Skip this process if there is already a siphoning hose. If not, install it as per the instruction and put the hose inside the antifreeze container.

Open the valve and then start the water pump, so it can distribute the antifreeze through the water system.

b. Flow the antifreeze to the external water system

Start the process by opening the valves or plugs of the low point drains and then gradually moving to other drains. The water will run out and turn pink at one point when antifreeze enters the pipes.
If there is any external faucet or shower, run the hot and cold sides one by one and turn off when pink antifreeze comes out instead of water.

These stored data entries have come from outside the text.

lemma eigenfunction_positive_max:
  assumes "dirichlet_eigenvalue \<Omega> \<mu>"
  obtains v p where "dirichlet_sol \<Omega> (\<lambda>s. \<mu> * s) v" "p \<in> \<Omega>" "0 < v p"
    "\<And>x. x \<in> closure \<Omega> \<Longrightarrow> v x \<le> v p"
proof -
  obtain u x1 where u: "dirichlet_sol \<Omega> (\<lambda>s. \<mu> * s) u" and x1: "x1 \<in> \<Omega>" "u x1 \<noteq> 0"
    using assms unfolding dirichlet_eigenvalue_def by blast
  define v where "v x = sgn (u x1) * u x" for x
  have v: "dirichlet_sol \<Omega> (\<lambda>s. \<mu> * s) v" unfolding v_def by (rule eigenfunction_cmult[OF u])
  then have va: "dirichlet_admissible \<Omega> v" by (simp add: dirichlet_sol_iff_admissible)
  obtain p where "p \<in> closure \<Omega>" and max: "\<And>x. x \<in> closure \<Omega> \<Longrightarrow> v x \<le> v p"
    using continuous_attains_sup[OF compact_closure_domain, of v] va x1(1) closure_subset
    unfolding dirichlet_admissible_def by blast
  have "0 < v x1" using x1(2) by (cases "u x1 > 0") (auto simp: v_def)
  also have "\<dots> \<le> v p" using max[of x1] x1(1) closure_subset by auto
  finally have "0 < v p" .
  moreover from this have "p \<in> \<Omega>" using va unfolding dirichlet_admissible_def by force
  ultimately show thesis using that v max by blast
qed

text \<open>If \<open>v\<close> is an eigenfunction with maximum \<open>v(p) > 0\<close>, then \<open>-\<Delta>v = \<mu> v \<le> \<mu> v(p) < t = -\<Delta>(t w)\<close>
  for every \<open>t > \<mu> v(p)\<close>, so comparison gives \<open>v(p) \<le> t w(p)\<close>.\<close>

lemma dirichlet_eigenvalue_ge:
  assumes "dirichlet_eigenvalue \<Omega> \<mu>" and w: "dirichlet_sol \<Omega> (\<lambda>_. 1) w"
    and wT: "\<And>x. x \<in> \<Omega> \<Longrightarrow> w x \<le> T"
  shows "1 \<le> \<mu> * T"
proof -
  obtain v p where v: "dirichlet_sol \<Omega> (\<lambda>s. \<mu> * s) v" and p: "p \<in> \<Omega>" "0 < v p"
    and max: "\<And>x. x \<in> closure \<Omega> \<Longrightarrow> v x \<le> v p"
    using eigenfunction_positive_max[OF assms(1)] by blast
  have va: "dirichlet_admissible \<Omega> v" and lap: "\<And>x. x \<in> \<Omega> \<Longrightarrow> - sphere_laplacian v x = \<mu> * v x"
    using v by (auto simp: dirichlet_sol_iff_admissible)
  have "sphere_laplacian v p \<le> sphere_laplacian (\<lambda>_. 0) p"
    using va dirichlet_admissible_zero max closure_subset p(1)
    by (intro sphere_laplacian_le_at_max) (auto simp: dirichlet_admissible_def)
  then have "0 \<le> \<mu> * v p" using lap[OF p(1)] by (simp add: sphere_laplacian_def eucl_laplacian_def hom0_ext_def)
  then have \<mu>: "0 \<le> \<mu>" using p(2) by (simp add: zero_le_mult_iff)
  have wC2: "C2_on (cone_over \<Omega>) (hom0_ext w)" and wlap: "\<And>x. x \<in> \<Omega> \<Longrightarrow> sphere_laplacian w x = -1"
    using w by (auto simp: dirichlet_sol_def)
  have bound: "v p \<le> t * T" if t: "\<mu> * v p < t" for t
  proof -
    have "v p \<le> t * w p"
    proof (rule dirichlet_comparison[OF va])
      show "dirichlet_admissible \<Omega> (\<lambda>x. t * w x)"
        using w by (auto simp: dirichlet_sol_iff_admissible intro: dirichlet_admissible_cmult)
      fix x assume x: "x \<in> \<Omega>"
      have "\<mu> * v x \<le> \<mu> * v p" using max[of x] x closure_subset \<mu> by (auto intro: mult_left_mono)
      then show "sphere_laplacian (\<lambda>x. t * w x) x < sphere_laplacian v x"
        using sphere_laplacian_cmult[OF wC2 x, of t] wlap[OF x] lap[OF x] t by simp
    qed
    also have "\<dots> \<le> t * T"
      using wT[OF p(1)] \<open>0 \<le> \<mu> * v p\<close> t by (intro mult_left_mono) auto
    finally show ?thesis .
  qed
  have "0 < T"
  proof (rule ccontr)
    assume "\<not> 0 < T"
    then have "(\<mu> * v p + 1) * T \<le> 0"
      using \<open>0 \<le> \<mu> * v p\<close> by (intro mult_nonneg_nonpos) auto
    then show False using bound[of "\<mu> * v p + 1"] p(2) by simp
  qed
  have "v p / T \<le> \<mu> * v p"
    by (rule dense_ge) (use bound \<open>0 < T\<close> in \<open>simp add: divide_le_eq\<close>)
  then show ?thesis using p(2) \<open>0 < T\<close> by (simp add: divide_le_eq mult.commute mult.left_commute)
qed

c. Run antifreeze through the internal water system

Just repeat the previous steps from all faucets and showers in the kitchens and bathroom. Run the hot and cold sides and stop them after antifreeze comes through the pipes.

d. Treat the P-traps

The last step of how to winterize a camper is treating the P-traps with antifreeze. Just pour some cooler down the sinks of the toilet and kitchen. After everything is done, make sure that you’ve closed all faucets and switched off the water heater.

This is how to winterize an RV without taking professional help. Be careful about following all steps and treating all water pipes and sinks with antifreeze. In this way, your RV will stay damage-free even if the weather gets extreme at times.

In case you find these processes too complicated, don’t hesitate to hire a qualified service professional. It’s better to pay for the service when you don’t have confidence in your skills.